This post, part of our Walk This Way series, shares The Walking Classroom experiences of teachers and students across the United States. This post provides a glimpse into Kim Collazo’s class.
When recently surfing my Twitter feed, I came across a conversation with educators participating in the #newselachat. A question posed inquired, “How often should students move? Why?”
Movement Sparks Brain Activity
Dr. Joe Mazza, a well-known principal in New York, responded with an excellent graphic depicting two brain scans. One, lit up in blues and greens, had the caption, “Brain after Sitting Quietly.” The other showed the tell-tale reds, oranges, and yellows. This one, indicating increased amounts of activity, had the caption, “Brain after a 20-Minute Walk.”
Of course, I immediately thought of the Walking Classroom. This simple graphic relates one of the fundamental reasons our Walking Club plays such a vital part in our STEM program!
A Sluggish Start Remedied by A Brisk Walk!
The Walking Club (made up of fifteen fourth graders) visits the STEM lab first thing every Wednesday morning. Many times the students are yawning, dragging their feet, and displaying other signs that their brains are still in the “green and blue zone.” Beginning the morning trying to engage in academic tasks while in this state is not optimal.
However, in stark contrast, after a brisk walk, students have increased energy. Their conversation includes many interesting observations, and they have not lost any academic time.
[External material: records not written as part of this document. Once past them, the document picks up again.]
theorem mainTheorem19:
  fixes SA :: "cseq set" and nA :: "cseq \<Rightarrow> real"
    and actP :: "cseq \<Rightarrow> 'p::real_normed_vector \<Rightarrow> 'p"
    and \<Lambda> :: "nat \<Rightarrow> 'l set"
    and J :: "nat \<Rightarrow> ('l \<Rightarrow> complex) \<Rightarrow> 'p"
    and smP :: "complex \<Rightarrow> 'p \<Rightarrow> 'p" and smX :: "complex \<Rightarrow> 'x::real_normed_vector \<Rightarrow> 'x"
    and actX :: "cseq \<Rightarrow> 'x \<Rightarrow> 'x"
    and \<phi> :: "'p \<Rightarrow> 'x"
  assumes "seq_algebra SA nA"
    and "normed_module SA nA smP actP"
    and "\<exists>x::'p. x \<noteq> 0"
    and "homogeneous actP"
    and "finite_type actP"
    and "\<forall>n. l1_iso smP actP n (\<Lambda> n) (J n)"
    and "normed_module SA nA smX actX"
    and "module_morphism SA smP actP smX actX \<phi>"
  shows "onorm \<phi> = Sup ((\<lambda>z. norm (\<phi> z)) `
           {z. norm z = 1 \<and>
               (\<forall>n. actP (pe n) z = 0 \<or>
                    (\<exists>v\<in>\<Lambda> n. \<exists>c. actP (pe n) z = smP c (J n (delta v))))})"
proof -
  interpret P: l1_coordinated_module SA nA smP actP \<Lambda> J
    using assms(1,2,4,6) by unfold_locales auto
  have sphere: "{z. norm z = 1 \<and>
           (\<forall>n. actP (pe n) z = 0 \<or> (\<exists>v\<in>\<Lambda> n. \<exists>c. actP (pe n) z = smP c (J n (delta v))))}
      = P.atomic_sphere"
    by (simp add: P.atomic_sphere_def P.atomic_at_def P.coord_def)
  have "bounded_linear \<phi>"
    using assms(8) by (simp add: module_morphism_def)
  then show ?thesis
    by (subst sphere) (rule P.onorm_eq_Sup_atomic_sphere[OF assms(5,3)])
qed

end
As a matter of fact, while increasing the oxygen and blood flow to their brains (picture the “red and yellow zone” from the earlier-described graphic), they have just learned at least six or eight new content facts, enhancing their science schema!
Benefits Beyond Movement
In addition to the health benefits of the walk itself, the program provides interesting and relevant health information at the beginning of each podcast. The importance of this was brought to light today during our weekly walk and discussion.
I had spent the first fifteen minutes of the day in one of our fourth grade teacher’s classrooms observing her Morning Meeting. She asked, “Would you rather go skydiving or scuba diving?” A robust conversation ensued. As luck would have it, our student-selected podcast for our Walking Club just ten minutes later was Marine Life (5-#76, STEM-#34, Complete-#142).
The entire beginning of the podcast focuses on the advantages of water exercise. It tells how activity like snorkeling or swimming, helps to avoid harmful impact to human joints.
Everything was Interconnected!
How timely! We easily continued the discussion from the students’ morning meeting when they had discussed scuba diving and what you might see in the depths of the ocean. Everything was interconnected from health benefits to marine life. And, my students did better on the podcast quiz than on any other they’d taken so far this year!
As you can tell, the health benefits associated with The Walking Classroom include not only the movement that comes from the walk itself. Often, they include much more! Happy Trails!